**Activity:** Give back exactly the lines of the entries below from the line with "using a(2) \<open>0 < K\<close> by simp" to the line with "of \<open>x \<mapsto> x^(p^gcd(m,k,s))\<close>.", inclusive, and only those.

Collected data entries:
lemma lower_density_pos_imp_ratio_window:
  fixes \<epsilon> :: real
  assumes "lower_density A > 0" "0 < \<epsilon>" "\<epsilon> \<le> 1"
  obtains c N0 where "0 < c"
    "\<And>n. N0 \<le> n \<Longrightarrow> \<exists>m\<in>A. 0 < m \<and> c \<le> real n / real m \<and> real n / real m \<le> \<epsilon>"
proof -
  obtain K N0 where "0 < K" and between: "\<And>a. N0 \<le> a \<Longrightarrow> \<exists>m\<in>A. a \<le> m \<and> m < K * a"
    using lower_density_pos_imp_mem_between_mult[OF assms(1)] by blast
  define c where "c = \<epsilon> / (2 * real K)"
  have "\<exists>m\<in>A. 0 < m \<and> c \<le> real n / real m \<and> real n / real m \<le> \<epsilon>" if n: "max N0 1 \<le> n" for n
  proof -
    define a where "a = nat \<lceil>real n / \<epsilon>\<rceil>"
    have "real a = of_int \<lceil>real n / \<epsilon>\<rceil>"
      unfolding a_def using assms(2) by simp
    then have a: "real n / \<epsilon> \<le> real a" "real a < real n / \<epsilon> + 1"
      by linarith+
    have "real n \<le> real n / \<epsilon>"
      using assms(2,3) by (simp add: field_simps mult_left_le_one_le)
    then have "n \<le> a"
      using a(1) by simp
    then have "N0 \<le> a"
      using n by simp
    then obtain m where m: "m \<in> A" "a \<le> m" "m < K * a"
      using between by blast
    have "0 < real n" "0 < real m"
      using n m \<open>n \<le> a\<close> by auto
    have "real n / real m \<le> real n / (real n / \<epsilon>)"
      using a(1) m(2) \<open>0 < real n\<close> \<open>0 < real m\<close> assms(2) by (intro divide_left_mono) auto
    also have "\<dots> = \<epsilon>"
      using \<open>0 < real n\<close> by simp
    finally have upper: "real n / real m \<le> \<epsilon>" .
    have "real m < real K * real a"
      using m(3) by (metis of_nat_less_iff of_nat_mult)
    also have "\<dots> < real K * (real n / \<epsilon> + 1)"
      using a(2) \<open>0 < K\<close> by simp
    also have "\<dots> \<le> real K * (2 * real n / \<epsilon>)"
      using \<open>real n \<le> real n / \<epsilon>\<close> \<open>0 < real n\<close> by (intro mult_left_mono) auto
    finally have "c \<le> real n / real m"
      using \<open>0 < real m\<close> \<open>0 < K\<close> assms(2) unfolding c_def by (simp add: field_simps)
    with upper m \<open>0 < real m\<close> show ?thesis by auto
  qed
  moreover have "0 < c"
    unfolding c_def using assms(2) \<open>0 < K\<close> by simp
  ultimately show ?thesis
    using that by blast
qed
text \<open>
  Let \<open>q = p^k\<close> and let \<open>K\<close> be the subfield of elements fixed by \<open>x \<mapsto> x^q\<close> and by
  \<open>x \<mapsto> x^(p^s)\<close>; inside \<open>\<bbbF>_(p^m)\<close> this is the fixed field of \<open>x \<mapsto> x^(p^gcd(m,k,s))\<close>.
  Both \<open>L\<close> and the pre-multiplication \<open>*\<close> are \<open>K\<close>-linear, and \<open>(c, 0) * v = L(c v)\<close> for
  \<open>c \<in> K\<close>; so \<open>\<star>\<close>-multiplication by \<open>L(c, 0) = (2c, 0)\<close> is scalar multiplication by \<open>c\<close>,
  which puts these elements into the nucleus. Conversely, if \<open>a\<close> is in the left nucleus and
  \<open>L\<^sup>-\<^sup>1(a) = (a\<^sub>1, a\<^sub>2)\<close>, associativity tested on the pre-images \<open>(z, 0)\<close> and \<open>(0, 1)\<close>, with
  \<open>z^q \<noteq> z\<close>, forces \<open>a\<^sub>1^q = a\<^sub>1\<close>, \<open>a\<^sub>2 = 0\<close> and \<open>a\<^sub>1^(p^s) = a\<^sub>1\<close>. The right nucleus equals the
  left one because \<open>\<star>\<close> is commutative.

  That \<open>L\<close> is invertible is where the oddness of \<open>m / gcd(m, k)\<close> enters: \<open>x^q = -x\<close> implies
  \<open>x^(q^2) = x\<close>, so \<open>x\<close> is fixed by the \<open>p^gcd(2k, m)\<close>-th power, and \<open>gcd(2k, m) = gcd(k, m)\<close>
  divides \<open>k\<close>; hence \<open>x = -x\<close>, i.e. \<open>x = 0\<close>.
\<close>

lemma power_power_fixed_mult:
  fixes x :: "'a::monoid_mult"
  assumes "x ^ (p ^ i) = x"
  shows "x ^ (p ^ (i * j)) = x"
proof (induction j)
  case (Suc j)
  have "x ^ (p ^ (i * Suc j)) = (x ^ (p ^ i)) ^ (p ^ (i * j))"
    by (simp add: power_add power_mult)
  with assms Suc show ?case
    by simp
qed simp
lemma set_integrable_norm_powr_mult_bounded:
  fixes g :: "'a::euclidean_space \<Rightarrow> real"
  assumes g: "g \<in> borel_measurable lborel" "\<And>y. \<bar>g y\<bar> \<le> B" and \<sigma>: "\<sigma> > - real DIM('a)"
  shows "set_integrable lborel (ball x t) (\<lambda>y. norm y powr \<sigma> * g y)"
proof -
  define \<rho> where "\<rho> = norm x + \<bar>t\<bar> + 1"
  define K where "K = B * max 1 (\<rho> powr \<sigma>)"
  have \<rho>: "\<rho> > 0"
    by (simp add: \<rho>_def add_nonneg_pos)
  have "set_integrable lborel (cball (0::'a) \<rho>) (\<lambda>y. norm y powr min \<sigma> 0)"
    by (rule set_integrable_norm_powr_cball) (use \<sigma> \<rho> in auto)
  then have dominating: "set_integrable lborel (cball (0::'a) \<rho>) (\<lambda>y. K * norm y powr min \<sigma> 0)"
    by (rule set_integrable_mult_right)
  have bound: "norm (norm y powr \<sigma> * g y) \<le> norm (K * norm y powr min \<sigma> 0)"
    if "y \<in> cball 0 \<rho>" for y :: 'a
  proof -
    have "norm y powr \<sigma> \<le> max 1 (\<rho> powr \<sigma>) * norm y powr min \<sigma> 0"
    proof (cases "\<sigma> < 0")
      case False
      then have "norm y powr \<sigma> \<le> \<rho> powr \<sigma>"
        using that by (intro powr_mono2) auto
      then show ?thesis
        using False by (auto simp: min_def le_max_iff_disj)
    qed (use mult_right_mono[of 1 "max 1 (\<rho> powr \<sigma>)" "norm y powr \<sigma>"] in \<open>simp add: min_def\<close>)
    then have "norm y powr \<sigma> * \<bar>g y\<bar> \<le> (max 1 (\<rho> powr \<sigma>) * norm y powr min \<sigma> 0) * B"
      using g(2)[of y] by (intro mult_mono) auto
    moreover have "B \<ge> 0"
      using g(2)[of y] by linarith
    ultimately show ?thesis
      by (simp add: K_def abs_mult algebra_simps)
  qed
  have measurable: "set_borel_measurable lborel (cball 0 \<rho>) (\<lambda>y. norm y powr \<sigma> * g y)"
    unfolding set_borel_measurable_def
    by (intro borel_measurable_scaleR borel_measurable_indicator borel_measurable_times
        powr_real_measurable borel_measurable_norm measurable_ident_sets borel_measurable_const g(1); simp)
  have on_cball: "set_integrable lborel (cball (0::'a) \<rho>) (\<lambda>y. norm y powr \<sigma> * g y)"
    by (rule set_integrable_bound[OF dominating measurable]) (use bound in simp)
  have "ball x t \<subseteq> cball 0 \<rho>"
  proof
    fix y assume "y \<in> ball x t"
    then have "norm (y - x) < t"
      by (simp add: dist_norm norm_minus_commute)
    then show "y \<in> cball 0 \<rho>"
      using norm_triangle_ineq2[of y x] by (simp add: \<rho>_def)
  qed
  then show ?thesis
    by (rule set_integrable_subset[OF on_cball, rotated]) simp
qed
lemma star_map_fst:
  assumes "inj_on fst L" "l \<in> L"
  shows "star_map L (fst l) = snd l"
  unfolding star_map_def
proof (rule the_equality)
  show "(fst l, snd l) \<in> L"
    using assms(2) by simp
  fix y assume "(fst l, y) \<in> L"
  then have "(fst l, y) = l"
    using inj_onD[OF assms(1), of "(fst l, y)" l] assms(2) by simp
  then show "y = snd l"
    by (metis snd_conv)
qed

lemma omega_fst:
  assumes "inj_on fst L" "l \<in> L"
  shows "omega L h (fst l) = h (snd l)"
  using assms by (simp add: omega_def star_map_fst)

lemma omega_translate_lattice:
  fixes L :: "('g::ab_group_add \<times> 'k::ab_group_add) set"
  assumes diff: "\<And>x y. x \<in> L \<Longrightarrow> y \<in> L \<Longrightarrow> x - y \<in> L" and add: "\<And>x y. x \<in> L \<Longrightarrow> y \<in> L \<Longrightarrow> x + y \<in> L"
    and inj: "inj_on fst L" and "l \<in> L"
  shows "(\<lambda>y. pp_translate (fst l) (omega L h) y - omega L h y) = omega L (\<lambda>w. h (w - snd l) - h w)"
proof
  fix y
  show "pp_translate (fst l) (omega L h) y - omega L h y = omega L (\<lambda>w. h (w - snd l) - h w) y"
  proof (cases "y \<in> fst ` L")
    case True
    then obtain m where m: "m \<in> L" "y = fst m"
      by auto
    have "omega L h (fst (m - l)) = h (snd (m - l))"
      using diff[OF m(1) \<open>l \<in> L\<close>] by (rule omega_fst[OF inj])
    then show ?thesis
      using m by (simp add: pp_translate_def omega_fst[OF inj])
  next
    case False
    have "y - fst l \<notin> fst ` L"
    proof
      assume "y - fst l \<in> fst ` L"
      then obtain m where "m \<in> L" "y = fst (m + l)"
        by (auto simp: algebra_simps)
      then have "y \<in> fst ` L"
        using add[OF \<open>m \<in> L\<close> \<open>l \<in> L\<close>] by blast
      then show False
        using False by simp
    qed
    then show ?thesis
      using False by (simp add: pp_translate_def omega_def)
  qed
qed

lemma sum_norm_omega:
  assumes inj: "inj_on fst L" and "finite F"
  shows "(\<Sum>x\<in>F. norm (omega L g x)) = (\<Sum>l\<in>{l\<in>L. fst l \<in> F}. norm (g (snd l)))"
proof -
  have "fst ` {l\<in>L. fst l \<in> F} = F \<inter> fst ` L"
    by auto
  then have "(\<Sum>x\<in>F. norm (omega L g x)) = (\<Sum>x\<in>fst ` {l\<in>L. fst l \<in> F}. norm (omega L g x))"
    using \<open>finite F\<close> by (intro sum.mono_neutral_right) (auto simp: omega_def)
  also have "\<dots> = (\<Sum>l\<in>{l\<in>L. fst l \<in> F}. norm (omega L g (fst l)))"
    using inj_on_subset[OF inj, of "{l\<in>L. fst l \<in> F}"] by (simp add: sum.reindex)
  also have "\<dots> = (\<Sum>l\<in>{l\<in>L. fst l \<in> F}. norm (g (snd l)))"
    using inj by (intro sum.cong) (simp_all add: omega_fst)
  finally show ?thesis .
qed
(* Let $\mathbb{F}_0=(F_0,\lambda_0F_0,\frac{\lambda_0}{1-\lambda_0})\in\mathcal{M}_+$ with $\lambda_0\in(0,1)$ and $\int F_0\,dv>0$, and let $\delta>0$. Then there exists $\varepsilon>0$ such that every $\mathbb{F}\in\mathcal{X}$ with $\mathbb{F}>0$ and $\|\mathbb{F}-\mathbb{F}_0\|_{\mathcal{X}}<\varepsilon$ can be written as $\mathbb{F}=\bar{\mathbb{F}}+W$ where $\bar{\mathbb{F}}=(\bar F,\bar\lambda\bar F,\frac{\bar\lambda}{1-\bar\lambda})\in\mathcal{M}$ with $\bar\lambda\in(0,1)$, and $W=(\alpha,-\alpha,\theta)\in\mathcal{X}$ with $\int_{\mathbb{R}^3}\alpha\,dv=\int_{\mathbb{S}^2}\theta\,dn$ and $\|W\|_{\mathcal{X}}<\delta$; this decomposition is unique among decompositions with $(\bar F,\alpha,\theta,\bar\lambda)$ in a neighborhood of $(F_0,0,0,\lambda_0)$. Moreover $\bar F>0$ a.e., so $\bar{\mathbb{F}}\in\mathcal{M}_+$.
   Context: $L^1_k(\mathbb{R}^3)$ has norm $\int|f|(1+|v|^2)^{k/2}dv$; $\mathbb{S}^2$ carries a surface measure normalized to total mass $1$. $\mathcal{X}=L^1_2(\mathbb{R}^3)\times L^1_2(\mathbb{R}^3)\times L^1(\mathbb{S}^2)$ with norm $\|(F^1,F^2,Q)\|_{\mathcal{X}}=\|F^1\|_{L^1_2}+\|F^2\|_{L^1_2}+\|Q\|_{L^1(\mathbb{S}^2)}$; $\mathbb{F}>0$ means each component is positive a.e. Manifold of steady states: $\mathcal{M}=\{(F,\lambda F,\frac{\lambda}{1-\lambda}):F\in L^1_2(\mathbb{R}^3),\lambda<1\}$ (the third component being a constant function on $\mathbb{S}^2$), and $\mathcal{M}_+=\{(F,\lambda F,\frac{\lambda}{1-\lambda})\in\mathcal{M}:F\ge0,\lambda\in[0,1)\}$. *)

theory Defs
  imports "HOL-Analysis.Analysis"
begin

type_synonym vel = "real^3"

text \<open>Normalized surface measure on the unit sphere S^2 in R^3: the push-forward of the
  normalized Lebesgue measure on the punctured unit ball under radial projection
  (normalized cone measure, which equals the rotation-invariant surface probability measure).\<close>
definition sphere_measure :: "vel measure" where
  "sphere_measure = distr (uniform_measure lborel (ball 0 1 - {0}))
                          (restrict_space borel (sphere 0 1)) (\<lambda>x. x /\<^sub>R norm x)"

definition L12 :: "(vel \<Rightarrow> real) \<Rightarrow> bool" where
  "L12 f \<longleftrightarrow> f \<in> borel_measurable lborel \<and> integrable lborel (\<lambda>v. f v * (1 + (norm v)^2))"

definition normL12 :: "(vel \<Rightarrow> real) \<Rightarrow> real" where
  "normL12 f = (LINT v|lborel. \<bar>f v\<bar> * (1 + (norm v)^2))"

definition L1S :: "(vel \<Rightarrow> real) \<Rightarrow> bool" where
  "L1S q \<longleftrightarrow> q \<in> borel_measurable sphere_measure \<and> integrable sphere_measure q"

definition normS :: "(vel \<Rightarrow> real) \<Rightarrow> real" where
  "normS q = (LINT n|sphere_measure. \<bar>q n\<bar>)"

definition inX :: "(vel \<Rightarrow> real) \<Rightarrow> (vel \<Rightarrow> real) \<Rightarrow> (vel \<Rightarrow> real) \<Rightarrow> bool" where
  "inX F1 F2 Q \<longleftrightarrow> L12 F1 \<and> L12 F2 \<and> L1S Q"

definition normX :: "(vel \<Rightarrow> real) \<Rightarrow> (vel \<Rightarrow> real) \<Rightarrow> (vel \<Rightarrow> real) \<Rightarrow> real" where
  "normX F1 F2 Q = normL12 F1 + normL12 F2 + normS Q"

definition posX :: "(vel \<Rightarrow> real) \<Rightarrow> (vel \<Rightarrow> real) \<Rightarrow> (vel \<Rightarrow> real) \<Rightarrow> bool" where
  "posX F1 F2 Q \<longleftrightarrow> (AE v in lborel. F1 v > 0) \<and> (AE v in lborel. F2 v > 0)
                     \<and> (AE n in sphere_measure. Q n > 0)"

definition is_decomp :: "(vel \<Rightarrow> real) \<Rightarrow> (vel \<Rightarrow> real) \<Rightarrow> (vel \<Rightarrow> real) \<Rightarrow>
    (vel \<Rightarrow> real) \<Rightarrow> real \<Rightarrow> (vel \<Rightarrow> real) \<Rightarrow> (vel \<Rightarrow> real) \<Rightarrow> bool" where
  "is_decomp F1 F2 Q Fb lb \<alpha> \<theta> \<longleftrightarrow>
     L12 Fb \<and> lb < 1 \<and> L12 \<alpha> \<and> L1S \<theta> \<and>
     (AE v in lborel. F1 v = Fb v + \<alpha> v) \<and>
     (AE v in lborel. F2 v = lb * Fb v - \<alpha> v) \<and>
     (AE n in sphere_measure. Q n = lb / (1 - lb) + \<theta> n) \<and>
     (LINT v|lborel. \<alpha> v) = (LINT n|sphere_measure. \<theta> n)"

definition nbhd_dist :: "(vel \<Rightarrow> real) \<Rightarrow> real \<Rightarrow> (vel \<Rightarrow> real) \<Rightarrow> real \<Rightarrow>
    (vel \<Rightarrow> real) \<Rightarrow> (vel \<Rightarrow> real) \<Rightarrow> real" where
  "nbhd_dist F0 lam0 Fb lb \<alpha> \<theta> =
     normL12 (\<lambda>v. Fb v - F0 v) + normL12 \<alpha> + normS \<theta> + \<bar>lb - lam0\<bar>"

end

theory Submission
  imports Defs "HOL-Probability.Probability_Measure"
begin

text \<open>Once the parameter l is fixed, the equations Fbar + W = F force
  Fb = (F1 + F2) / (1 + l), \<alpha> = F1 - Fb and \<theta> = Q - l / (1 - l), so a decomposition is
  the same thing as a root of the scalar equation \<integral>\<alpha> = \<integral>\<theta>. In terms of the masses a, b, q
  of F1, F2, Q it reads a - (a + b) / (1 + l) = q - l / (1 - l): the left side is
  nondecreasing in l when a + b \<ge> 0 and the right side strictly decreasing, which gives
  uniqueness. For the data of F0 the root is lam0, and the masses of F differ from those of
  F0 by at most 2 \<parallel>F - F0\<parallel>, so the intermediate value theorem provides a root close to lam0.
  The explicit formulas then make Fb, \<alpha>, \<theta> depend Lipschitz-continuously on (F, l), and
  Fb inherits positivity from F1 and F2.\<close>

lemma abs_le_weighted_abs: "\<bar>x\<bar> \<le> \<bar>x\<bar> * (1 + (norm (v::vel))\<^sup>2)"
  by (simp add: distrib_left)

lemma L12_integrable_weighted_abs:
  "L12 f \<Longrightarrow> integrable lborel (\<lambda>v. \<bar>f v\<bar> * (1 + (norm v)\<^sup>2))"
  unfolding L12_def
  by (drule conjunct2, drule integrable_abs) (simp add: abs_mult)

lemma L12_integrable: "L12 f \<Longrightarrow> integrable lborel f"
  unfolding L12_def
  by (rule Bochner_Integration.integrable_bound[where f="\<lambda>v. f v * (1 + (norm v)\<^sup>2)"])
     (auto simp: abs_mult intro!: abs_le_weighted_abs)

lemma normL12_nonneg: "0 \<le> normL12 f"
  unfolding normL12_def by (intro integral_nonneg_AE) auto

lemma abs_integral_le_normL12: "L12 f \<Longrightarrow> \<bar>LINT v|lborel. f v\<bar> \<le> normL12 f"
  unfolding normL12_def
  by (rule integral_abs_bound_integral)
     (auto intro: L12_integrable L12_integrable_weighted_abs abs_le_weighted_abs)

lemma L12_lincomb:
  assumes f: "L12 f" and g: "L12 g" and h: "\<And>v. h v = a * f v + b * g v"
  shows "L12 h" "normL12 h \<le> \<bar>a\<bar> * normL12 f + \<bar>b\<bar> * normL12 g"
proof -
  define w :: "vel \<Rightarrow> real" where "w v = 1 + (norm v)\<^sup>2" for v
  have w: "0 < w v" for v by (simp add: w_def add_pos_nonneg)
  have h_eq: "h = (\<lambda>v. a * f v + b * g v)" using h by auto
  note [measurable] = f[unfolded L12_def, THEN conjunct1] g[unfolded L12_def, THEN conjunct1]
  show L12h: "L12 h"
  proof -
    have "integrable lborel (\<lambda>v. a * (f v * w v) + b * (g v * w v))"
      using f g unfolding L12_def w_def by simp
    then show ?thesis
      unfolding L12_def h_eq w_def by (simp add: algebra_simps)
  qed
  have "normL12 h \<le> (LINT v|lborel. \<bar>a\<bar> * (\<bar>f v\<bar> * w v) + \<bar>b\<bar> * (\<bar>g v\<bar> * w v))"
    unfolding normL12_def w_def[symmetric]
  proof (rule integral_mono)
    fix v
    have "\<bar>h v\<bar> \<le> \<bar>a\<bar> * \<bar>f v\<bar> + \<bar>b\<bar> * \<bar>g v\<bar>"
      unfolding h by (metis abs_mult abs_triangle_ineq)
    then show "\<bar>h v\<bar> * w v \<le> \<bar>a\<bar> * (\<bar>f v\<bar> * w v) + \<bar>b\<bar> * (\<bar>g v\<bar> * w v)"
      using w[of v] by (simp add: mult_right_mono flip: mult.assoc distrib_right)
  qed (use L12_integrable_weighted_abs[OF L12h] L12_integrable_weighted_abs[OF f]
        L12_integrable_weighted_abs[OF g] in \<open>auto simp: w_def\<close>)
  also have "\<dots> = \<bar>a\<bar> * normL12 f + \<bar>b\<bar> * normL12 g"
    using L12_integrable_weighted_abs[OF f] L12_integrable_weighted_abs[OF g]
    by (simp add: normL12_def w_def)
  finally show "normL12 h \<le> \<bar>a\<bar> * normL12 f + \<bar>b\<bar> * normL12 g" .
qed

text \<open>The radial projection sends 0 to 0, off the sphere, so it is not measurable into the
  sphere and the distribution lemmas do not apply; the measure is computed from the definition.\<close>
lemma emeasure_sphere_measure:
  assumes A: "A \<in> sets (restrict_space borel (sphere (0::vel) 1))"
  shows "emeasure sphere_measure A =
     emeasure (uniform_measure lborel (ball 0 1 - {0})) ((\<lambda>x::vel. x /\<^sub>R norm x) -` A)"
proof -
  let ?M = "uniform_measure lborel (ball (0::vel) 1 - {0})"
  let ?f = "\<lambda>x::vel. x /\<^sub>R norm x"
  let ?N = "restrict_space borel (sphere (0::vel) 1)"
  have preimage: "?f -` B \<in> sets ?M" if "B \<in> sets ?N" for B
  proof -
    have "B \<in> sets borel"
      using that sets_restrict_space_iff[of "sphere (0::vel) 1" borel] by auto
    have "?f \<in> borel_measurable borel" by measurable
    from measurable_sets[OF this \<open>B \<in> sets borel\<close>] show ?thesis by simp
  qed
  show ?thesis
    unfolding sphere_measure_def distr_def
  proof (subst emeasure_measure_of_sigma)
    show "countably_additive (sets ?N) (\<lambda>A. emeasure ?M (?f -` A \<inter> space ?M))"
    proof (intro countably_additiveI)
      fix A :: "nat \<Rightarrow> vel set"
      assume "range A \<subseteq> sets ?N" "disjoint_family A"
      then have "range (\<lambda>i. ?f -` A i) \<subseteq> sets ?M" "disjoint_family (\<lambda>i. ?f -` A i)"
        using preimage by (auto simp: disjoint_family_on_def)
      from suminf_emeasure[OF this]
      show "(\<Sum>i. emeasure ?M (?f -` A i \<inter> space ?M)) = emeasure ?M (?f -` (\<Union>i. A i) \<inter> space ?M)"
        by (simp only: space_uniform_measure space_lborel space_borel Int_UNIV_right vimage_UN)
    qed
  qed (use A sets.sigma_algebra_axioms[of ?N] in \<open>auto simp: positive_def\<close>)
qed

lemma prob_space_sphere_measure: "prob_space sphere_measure"
proof
  let ?B = "ball (0::vel) 1 - {0}"
  have space: "space sphere_measure = sphere 0 1" by (simp add: sphere_measure_def)
  have "sphere (0::vel) 1 \<in> sets (restrict_space borel (sphere 0 1))"
    by (simp add: sets_restrict_space_iff)
  then have "emeasure sphere_measure (sphere 0 1) =
      emeasure (uniform_measure lborel ?B) ((\<lambda>x::vel. x /\<^sub>R norm x) -` sphere 0 1)"
    by (rule emeasure_sphere_measure)
  also have "(\<lambda>x::vel. x /\<^sub>R norm x) -` sphere 0 1 = UNIV - {0}" by auto
  also have "emeasure (uniform_measure lborel ?B) (UNIV - {0}) = emeasure lborel ?B / emeasure lborel ?B"
  proof -
    have "?B \<inter> (UNIV - {0}) = ?B" by auto
    then show ?thesis by (subst emeasure_uniform_measure) auto
  qed
  also have "\<dots> = 1"
  proof -
    have "emeasure lborel ?B = emeasure lborel (ball (0::vel) 1)"
      by (rule emeasure_Diff_null_set) auto
    also have "\<dots> = ennreal (unit_ball_vol (real DIM(vel)))"
      using emeasure_ball[of 1 "0::vel"] by simp
    finally have "emeasure lborel ?B = ennreal (unit_ball_vol (real DIM(vel)))" .
    moreover have "unit_ball_vol (real DIM(vel)) \<noteq> 0"
      using unit_ball_vol_pos[of "real DIM(vel)"] by linarith
    ultimately show ?thesis by (simp add: divide_eq_1_ennreal)
  qed
  finally show "emeasure sphere_measure (space sphere_measure) = 1" by (simp add: space)
qed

**The completed task:**
      using a(2) \<open>0 < K\<close> by simp
    also have "\<dots> \<le> real K * (2 * real n / \<epsilon>)"
      using \<open>real n \<le> real n / \<epsilon>\<close> \<open>0 < real n\<close> by (intro mult_left_mono) auto
    finally have "c \<le> real n / real m"
      using \<open>0 < real m\<close> \<open>0 < K\<close> assms(2) unfolding c_def by (simp add: field_simps)
    with upper m \<open>0 < real m\<close> show ?thesis by auto
  qed
  moreover have "0 < c"
    unfolding c_def using assms(2) \<open>0 < K\<close> by simp
  ultimately show ?thesis
    using that by blast
qed
text \<open>
  Let \<open>q = p^k\<close> and let \<open>K\<close> be the subfield of elements fixed by \<open>x \<mapsto> x^q\<close> and by
  \<open>x \<mapsto> x^(p^s)\<close>; inside \<open>\<bbbF>_(p^m)\<close> this is the fixed field of \<open>x \<mapsto> x^(p^gcd(m,k,s))\<close>.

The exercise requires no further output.